(What the task requires):
Your task is to copy each line of the records that includes the string "open".

Collected data entries:
%%

(* For all $p,q\in\mathbb Z$, $r,s\ge0$ and $2\le n\le\infty$, the $n$-multicomplex $\mathcal ZW^n_s(p,q)$ is cofibrant in the $r$-model structure on $\mathrm{Ch}_n$; that is, for every morphism $f\colon A\to B$ of $n$-multicomplexes that is an $E_r$-quasi-isomorphism with $E_i(f)$ bidegree-wise surjective for all $0\le i\le r$, every morphism $\mathcal ZW^n_s(p,q)\to B$ lifts through $f$.
   Context: $R$ is a commutative unital ring. For $1\le n\le\infty$, an $n$-multicomplex is a $\mathbb Z\times\mathbb Z$-bigraded $R$-module $A$ with $R$-linear maps $d_i$ ($i\ge0$) of bidegree $(-i,1-i)$ such that $\sum_{i+j=l}(-1)^id_id_j=0$ for all $l\ge0$ and $d_i=0$ for $i\ge n$; morphisms are bidegree $(0,0)$ maps commuting with all $d_i$; category $\mathrm{Ch}_n$. Spectral sequence: $Z_0^{p,q}(A)=A^{p,q}$; for $r\ge1$, $Z_r^{p,q}(A)$ is the set of $a_0\in A^{p,q}$ for which there exist $a_j\in A^{p-j,q-j}$ ($1\le j\le r-1$) with $\sum_{i+j=l}(-1)^id_ia_j=0$ for $0\le l\le r-1$. $B_0=0$, $B_1^{p,q}(A)=A^{p,q}\cap\operatorname{im}d_0$, and for $r\ge2$, $B_r^{p,q}(A)$ is the set of $x\in A^{p,q}$ for which there exist $b_i\in A^{p+r-1-i,q+r-2-i}$ ($0\le i\le r-1$) with $x=\sum_{i=0}^{r-1}(-1)^id_ib_{r-1-i}$ and $\sum_{i=0}^l(-1)^id_ib_{l-i}=0$ for $0\le l\le r-2$. $E_r^{p,q}(A)=Z_r^{p,q}(A)/B_r^{p,q}(A)$, the spectral sequence of the column-filtered total complex; $f$ is an $E_r$-quasi-isomorphism if $E_{r+1}(f)$ is an isomorphism. The $r$-model structure on $\mathrm{Ch}_n$ ($2\le n\le\infty$) has weak equivalences the $E_r$-quasi-isomorphisms and fibrations the morphisms $f$ with $E_i(f)$ bidegree-wise surjective for $0\le i\le r$. $\mathbb D^n(p,q)$ is the free $n$-multicomplex on one generator in bidegree $(p,q)$. $\mathcal ZW^n_0(p,q)=\mathbb D^n(p,q)$; for $s\ge1$, $\mathcal ZW^n_s(p,q)$ is the $n$-multicomplex generated by $a_0,\dots,a_{s-1}$, $a_i$ in bidegree $(p-i,q-i)$, subject to the relations $\sum_{i+j=l}(-1)^id_ia_j=0$ for $0\le l\le s-1$ (equivalently the iterated pushout construction of the paper). *)

theory Defs
  imports Main "HOL-Library.Extended_Nat"
begin
text \<open>The map \<open>B\<^sup>-\<^sup>1\<close> sends the ellipsoid to the unit sphere, and a parallelepiped inscribed in
  the sphere is a box: the vertices for the four sign patterns on \<open>i, j\<close> have equal norms,
  which forces the \<open>i\<close>-th and \<open>j\<close>-th edges to be orthogonal.\<close>
lemma inscribed_orthogonal:
  assumes P: "inscribed A v" and ij: "i \<noteq> j"
  shows "(matrix_inv B *v v i) \<bullet> (matrix_inv B *v v j) = 0"
proof -
  define w where "w k = matrix_inv B *v v k" for k
  define s where "s = (\<Sum>k\<in>UNIV - {i, j}. w k)"
  define \<epsilon> where "\<epsilon> a b k = (if k = i then a else if k = j then b else (1::real))" for a b k
  have "(norm (a *\<^sub>R w i + b *\<^sub>R w j + s))\<^sup>2 = 4"
    if "a = 1 \<or> a = -1" "b = 1 \<or> b = -1" for a b
  proof -
    have "sign_vec (\<epsilon> a b)"
      using that by (auto simp: sign_vec_def \<epsilon>_def)
    then have "(norm (matrix_inv B *v vertex v (\<epsilon> a b)))\<^sup>2 = 1"
      using P by (simp add: inscribed_def ell_form_eq_norm)
    moreover have "matrix_inv B *v vertex v (\<epsilon> a b) = (1/2) *\<^sub>R (\<Sum>k\<in>UNIV. \<epsilon> a b k *\<^sub>R w k)"
      by (simp add: vertex_def w_def matrix_vector_mult_scaleR linear_sum[OF matrix_vector_mul_linear])
    moreover have "(\<Sum>k\<in>UNIV. \<epsilon> a b k *\<^sub>R w k) = a *\<^sub>R w i + b *\<^sub>R w j + s"
    proof -
      have "(\<Sum>k\<in>UNIV - {i, j}. \<epsilon> a b k *\<^sub>R w k) = s"
        by (simp add: s_def \<epsilon>_def)
      moreover have "\<epsilon> a b i = a" "\<epsilon> a b j = b"
        using ij by (simp_all add: \<epsilon>_def)
      ultimately show ?thesis
        using sum_remove2[OF finite UNIV_I UNIV_I ij, of "\<lambda>k. \<epsilon> a b k *\<^sub>R w k"] by simp
    qed
    ultimately show ?thesis
      by (simp add: power_divide)
  qed
  from this[of 1 1] this[of 1 "-1"] this[of "-1" 1] this[of "-1" "-1"]
  have "w i \<bullet> w j = 0"
    by (simp add: power2_norm_eq_inner algebra_simps inner_commute)
  then show ?thesis
    by (simp add: w_def)
qed

lemma inscribed_decomposition:
  assumes P: "inscribed A v" and e: "sign_vec e"
  obtains lam U where "orthogonal_matrix U"
    and "\<And>i. lam i > 0" and "\<And>i. e i *\<^sub>R v i = lam i *\<^sub>R (B *v column i U)"
proof
  define w where "w k = matrix_inv B *v v k" for k
  define U :: "real^'n^'n" where "U = (\<chi> r c. (e c / norm (w c)) *\<^sub>R w c $ r)"
  have e_abs: "\<bar>e k\<bar> = 1" and e_sq: "e k * e k = 1" for k
    using sign_vec_square[OF e, of k] by (simp_all add: abs_square_eq_1 flip: power2_eq_square)
  have "v k \<noteq> 0" for k
    using P dependent_zero[of "range v"] by (auto simp: inscribed_def)
  then have w_nonzero: "w k \<noteq> 0" for k
    by (simp add: w_def)
  have column_U: "column c U = (e c / norm (w c)) *\<^sub>R w c" for c
    by (simp add: U_def column_def vec_eq_iff)
  show "orthogonal_matrix U"
    unfolding orthogonal_matrix_orthonormal_columns column_U
    using inscribed_orthogonal[OF P] w_nonzero e_abs
    by (simp add: w_def orthogonal_def)
  show "norm (w i) > 0" for i
    using w_nonzero by simp
  show "e i *\<^sub>R v i = norm (w i) *\<^sub>R (B *v column i U)" for i
    using w_nonzero[of i] e_sq[of i]
    by (simp add: column_U w_def matrix_vector_mult_scaleR)
qed

end

definition surface_area_bound :: "real^'n^'n \<Rightarrow> real" where
  "surface_area_bound A = 2 ^ CARD('n) * real CARD('n) powr (- (real CARD('n) - 2) / 2)
     * sqrt (det A) * sqrt (trace (matrix_inv A))"
lemma sections_within_fun_upd:
  assumes "sections_within F E" "{} \<in> F" "UNIV \<in> F"
  shows "sections_within F {f. f(x := y) \<in> E}"
  unfolding sections_within_def
proof (intro allI)
  fix \<sigma> u
  show "{z. \<sigma>(u := z) \<in> {f. f(x := y) \<in> E}} \<in> F"
  proof (cases "u = x")
    case True
    then show ?thesis
      using assms(2,3) by (cases "\<sigma>(x := y) \<in> E") simp_all
  next
    case False
    then have "{z. \<sigma>(u := z) \<in> {f. f(x := y) \<in> E}} = {z. \<sigma>(x := y, u := z) \<in> E}"
      by (simp add: fun_upd_twist)
    then show ?thesis
      using assms(1) by (simp add: sections_within_def)
  qed
qed

lemma prob_Pi_pmf_mono_sections:
  fixes p q :: "'k \<Rightarrow> 'v pmf"
  assumes "finite I" "sections_within F E" "{} \<in> F" "UNIV \<in> F"
    and le: "\<And>u X. u \<in> I \<Longrightarrow> X \<in> F \<Longrightarrow> measure_pmf.prob (p u) X \<le> measure_pmf.prob (q u) X"
  shows "measure_pmf.prob (Pi_pmf I d p) E \<le> measure_pmf.prob (Pi_pmf I d q) E"
proof -
  have "emeasure (Pi_pmf I d p) E \<le> emeasure (Pi_pmf I d q) E"
    using assms(1,2) le
  proof (induction I arbitrary: E rule: finite_induct)
    case empty
    then show ?case by simp
  next
    case (insert x I)
    have "emeasure (Pi_pmf (insert x I) d p) E
            = (\<integral>\<^sup>+y. emeasure (Pi_pmf I d p) {f. f(x := y) \<in> E} \<partial>p x)"
      using insert.hyps by (rule emeasure_Pi_pmf_insert)
    also have "\<dots> \<le> (\<integral>\<^sup>+y. emeasure (Pi_pmf I d q) {f. f(x := y) \<in> E} \<partial>p x)"
      using insert.prems assms(3,4)
      by (intro nn_integral_mono insert.IH sections_within_fun_upd) auto
    also have "\<dots> = (\<integral>\<^sup>+f. emeasure (p x) {y. f(x := y) \<in> E} \<partial>Pi_pmf I d q)"
      by (rule nn_integral_emeasure_fun_upd_swap)
    also have "\<dots> \<le> (\<integral>\<^sup>+f. emeasure (q x) {y. f(x := y) \<in> E} \<partial>Pi_pmf I d q)"
      using insert.prems
      by (intro nn_integral_mono) (auto simp: sections_within_def measure_pmf.emeasure_eq_measure)
    also have "\<dots> = (\<integral>\<^sup>+y. emeasure (Pi_pmf I d q) {f. f(x := y) \<in> E} \<partial>q x)"
      by (rule nn_integral_emeasure_fun_upd_swap[symmetric])
    also have "\<dots> = emeasure (Pi_pmf (insert x I) d q) E"
      using insert.hyps by (rule emeasure_Pi_pmf_insert[symmetric])
    finally show ?case .
  qed
  then show ?thesis
    by (simp add: measure_pmf.emeasure_eq_measure)
qed

lemma distr_restrict_Pi_pmf:
  assumes "finite J"
  shows "distr (Pi_pmf J d P) (PiM J (\<lambda>u. measure_pmf (P u))) (\<lambda>f. restrict f J)
           = PiM J (\<lambda>u. measure_pmf (P u))"
proof -
  interpret product_prob_space "\<lambda>u. measure_pmf (P u)" J
    by (intro product_prob_spaceI measure_pmf.prob_space_axioms)
  show ?thesis
  proof (rule PiM_eqI)
    fix A assume A: "\<And>u. u \<in> J \<Longrightarrow> A u \<in> sets (measure_pmf (P u))"
    have "Pi\<^sub>E J A \<in> sets (PiM J (\<lambda>u. measure_pmf (P u)))"
      using A by (intro sets_PiM_I_finite assms) auto
    then have "emeasure (distr (Pi_pmf J d P) (PiM J (\<lambda>u. measure_pmf (P u))) (\<lambda>f. restrict f J))
                 (Pi\<^sub>E J A) = emeasure (Pi_pmf J d P) ((\<lambda>f. restrict f J) -` Pi\<^sub>E J A)"
      by (subst emeasure_distr) (auto simp: space_PiM)
    also have "\<dots> = emeasure (Pi_pmf J d P) (PiE_dflt J d A)"
      by (intro emeasure_eq_AE AE_pmfI) (auto simp: PiE_dflt_def set_Pi_pmf assms)
    also have "\<dots> = (\<Prod>u\<in>J. emeasure (P u) (A u))"
      by (simp add: measure_pmf.emeasure_eq_measure measure_Pi_pmf_PiE_dflt assms prod_ennreal)
    finally show "emeasure (distr (Pi_pmf J d P) (PiM J (\<lambda>u. measure_pmf (P u))) (\<lambda>f. restrict f J))
                    (Pi\<^sub>E J A) = (\<Prod>u\<in>J. emeasure (P u) (A u))" .
  qed (simp_all add: assms)
qed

%%

(Reply):
text \<open>The map \<open>B\<^sup>-\<^sup>1\<close> sends the ellipsoid to the unit sphere, and a parallelepiped inscribed in
  the sphere is a box: the vertices for the four sign patterns on \<open>i, j\<close> have equal norms,
  which forces the \<open>i\<close>-th and \<open>j\<close>-th edges to be orthogonal.\<close>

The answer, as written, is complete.